text \<open>Convexity propagates the lower bound on the unit ball around \<open>z0\<close> to a bound growing
  at most linearly: the point at distance 1 from \<open>z0\<close> towards \<open>z\<close> is a convex combination of them.\<close>

lemma convex_closed_epigraph_linear_lower_bound:
  fixes psi :: "'a::euclidean_space \<Rightarrow> real"
  assumes cl: "closed {(x, t). x \<in> D \<and> psi x \<le> t}" and cv: "convex_on D psi"
    and z0: "z0 \<in> D"
  shows "\<exists>K\<ge>0. \<forall>z\<in>D. - K * (1 + norm (z - z0)) \<le> psi z"
proof -
  obtain M where M: "\<And>x. x \<in> D \<Longrightarrow> norm (x - z0) \<le> 1 \<Longrightarrow> M \<le> psi x"
    using closed_epigraph_bdd_below_on_compact[OF cl compact_cball[of z0 1]]
    by (metis IntI dist_norm mem_cball norm_minus_commute)
  define K where "K = \<bar>M\<bar> + \<bar>psi z0\<bar>"
  have "- K * (1 + norm (z - z0)) \<le> psi z" if z: "z \<in> D" for z
  proof (cases "norm (z - z0) \<le> 1")
    case True
    then have "M \<le> psi z" using M[OF z] by simp
    moreover have "- K * (1 + norm (z - z0)) \<le> - \<bar>M\<bar>"
      unfolding K_def by (simp add: algebra_simps)
    ultimately show ?thesis by linarith
  next
    case False
    define R where "R = norm (z - z0)"
    have R1: "R > 1" using False R_def by auto
    define y where "y = (1 - 1/R) *\<^sub>R z0 + (1/R) *\<^sub>R z"
    have yD: "y \<in> D" unfolding y_def
      using cv z z0 R1 unfolding convex_on_def convex_def by auto
    have "y - z0 = (1/R) *\<^sub>R (z - z0)" unfolding y_def by (simp add: algebra_simps)
    then have "norm (y - z0) = (1/R) * R" unfolding R_def by simp
    then have "norm (y - z0) = 1" using R1 by simp
    then have My: "M \<le> psi y" using M[OF yD] by simp
    have "psi y \<le> (1 - 1/R) * psi z0 + (1/R) * psi z"
      unfolding y_def using convex_onD[OF cv, of "1/R" z0 z] R1 z z0 by auto
    then have "R * M \<le> R * ((1 - 1/R) * psi z0 + (1/R) * psi z)" using My R1
      by (intro mult_left_mono) auto
    also have "\<dots> = (R - 1) * psi z0 + psi z" using R1 by (simp add: field_simps)
    finally have "R * M \<le> (R - 1) * psi z0 + psi z" .
    moreover have "- K * R \<le> R * M - (R - 1) * psi z0"
    proof -
      have "R * (- \<bar>M\<bar>) \<le> R * M" using R1 by (intro mult_left_mono) auto
      moreover have "(R - 1) * psi z0 \<le> (R - 1) * \<bar>psi z0\<bar>" using R1 by (intro mult_left_mono) auto
      moreover have "(R - 1) * \<bar>psi z0\<bar> \<le> R * \<bar>psi z0\<bar>" by (simp add: algebra_simps)
      ultimately show ?thesis unfolding K_def by (simp add: algebra_simps)
    qed
    moreover have "- K * (1 + R) \<le> - K * R" unfolding K_def by (simp add: algebra_simps)
    ultimately show ?thesis unfolding R_def by linarith
  qed
  moreover have "K \<ge> 0" unfolding K_def by simp
  ultimately show ?thesis by blast
qed

lemma prox_objective_coercive:
  fixes psi :: "'a::euclidean_space \<Rightarrow> real"
  assumes lower: "\<And>z. z \<in> D \<Longrightarrow> - K * (1 + norm (z - z0)) \<le> psi z"
    and K: "K \<ge> 0" and eta: "eta > 0"
  shows "\<exists>R. \<forall>y\<in>D. R < norm (y - u) \<longrightarrow> M \<le> eta * psi y + (1/2) * (norm (y - u))\<^sup>2"
proof -
  define c where "c = eta * K * (1 + norm (u - z0))"
  have c0: "c \<ge> 0" unfolding c_def using K eta by simp
  have "M \<le> eta * psi y + (1/2) * (norm (y - u))\<^sup>2"
    if yD: "y \<in> D" and yR: "2 * (eta * K) + 2 + \<bar>M\<bar> + c < norm (y - u)" for y
  proof -
    define r where "r = norm (y - u)"
    have "norm (y - z0) \<le> r + norm (u - z0)"
      unfolding r_def using norm_triangle_ineq[of "y - u" "u - z0"] by simp
    then have "K * (1 + norm (y - z0)) \<le> K * (1 + r + norm (u - z0))"
      using K by (intro mult_left_mono) auto
    then have "- K * (1 + r + norm (u - z0)) \<le> psi y" using lower[OF yD] by linarith
    then have "eta * (- K * (1 + r + norm (u - z0))) \<le> eta * psi y"
      using eta by (intro mult_left_mono) auto
    define X where "X = r * ((1/2) * r - eta * K)"
    have Phi: "- c + X \<le> eta * psi y + (1/2) * r\<^sup>2"
      using \<open>eta * _ \<le> eta * psi y\<close> unfolding c_def X_def by (simp add: algebra_simps power2_eq_square)
    have "0 \<le> eta * K" using K eta by simp
    then have "1 \<le> (1/2) * r - eta * K" "\<bar>M\<bar> + c \<le> r"
      using yR c0 unfolding r_def by linarith+
    then have "(\<bar>M\<bar> + c) * 1 \<le> X" unfolding X_def using c0
      by (intro mult_mono) auto
    then have "M \<le> - c + X" by simp
    then show ?thesis using Phi unfolding r_def by (rule order_trans)
  qed
  then show ?thesis by blast
qed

——————

[WHAT THE EXERCISE ASKS] Quote exactly the first line of the data and every line after it through the one holding "using My R1".

[WRITTEN ANSWER]
text \<open>Convexity propagates the lower bound on the unit ball around \<open>z0\<close> to a bound growing
  at most linearly: the point at distance 1 from \<open>z0\<close> towards \<open>z\<close> is a convex combination of them.\<close>

lemma convex_closed_epigraph_linear_lower_bound:
  fixes psi :: "'a::euclidean_space \<Rightarrow> real"
  assumes cl: "closed {(x, t). x \<in> D \<and> psi x \<le> t}" and cv: "convex_on D psi"
    and z0: "z0 \<in> D"
  shows "\<exists>K\<ge>0. \<forall>z\<in>D. - K * (1 + norm (z - z0)) \<le> psi z"
proof -
  obtain M where M: "\<And>x. x \<in> D \<Longrightarrow> norm (x - z0) \<le> 1 \<Longrightarrow> M \<le> psi x"
    using closed_epigraph_bdd_below_on_compact[OF cl compact_cball[of z0 1]]
    by (metis IntI dist_norm mem_cball norm_minus_commute)
  define K where "K = \<bar>M\<bar> + \<bar>psi z0\<bar>"
  have "- K * (1 + norm (z - z0)) \<le> psi z" if z: "z \<in> D" for z
  proof (cases "norm (z - z0) \<le> 1")
    case True
    then have "M \<le> psi z" using M[OF z] by simp
    moreover have "- K * (1 + norm (z - z0)) \<le> - \<bar>M\<bar>"
      unfolding K_def by (simp add: algebra_simps)
    ultimately show ?thesis by linarith
  next
    case False
    define R where "R = norm (z - z0)"
    have R1: "R > 1" using False R_def by auto
    define y where "y = (1 - 1/R) *\<^sub>R z0 + (1/R) *\<^sub>R z"
    have yD: "y \<in> D" unfolding y_def
      using cv z z0 R1 unfolding convex_on_def convex_def by auto
    have "y - z0 = (1/R) *\<^sub>R (z - z0)" unfolding y_def by (simp add: algebra_simps)
    then have "norm (y - z0) = (1/R) * R" unfolding R_def by simp
    then have "norm (y - z0) = 1" using R1 by simp
    then have My: "M \<le> psi y" using M[OF yD] by simp
    have "psi y \<le> (1 - 1/R) * psi z0 + (1/R) * psi z"
      unfolding y_def using convex_onD[OF cv, of "1/R" z0 z] R1 z z0 by auto
    then have "R * M \<le> R * ((1 - 1/R) * psi z0 + (1/R) * psi z)" using My R1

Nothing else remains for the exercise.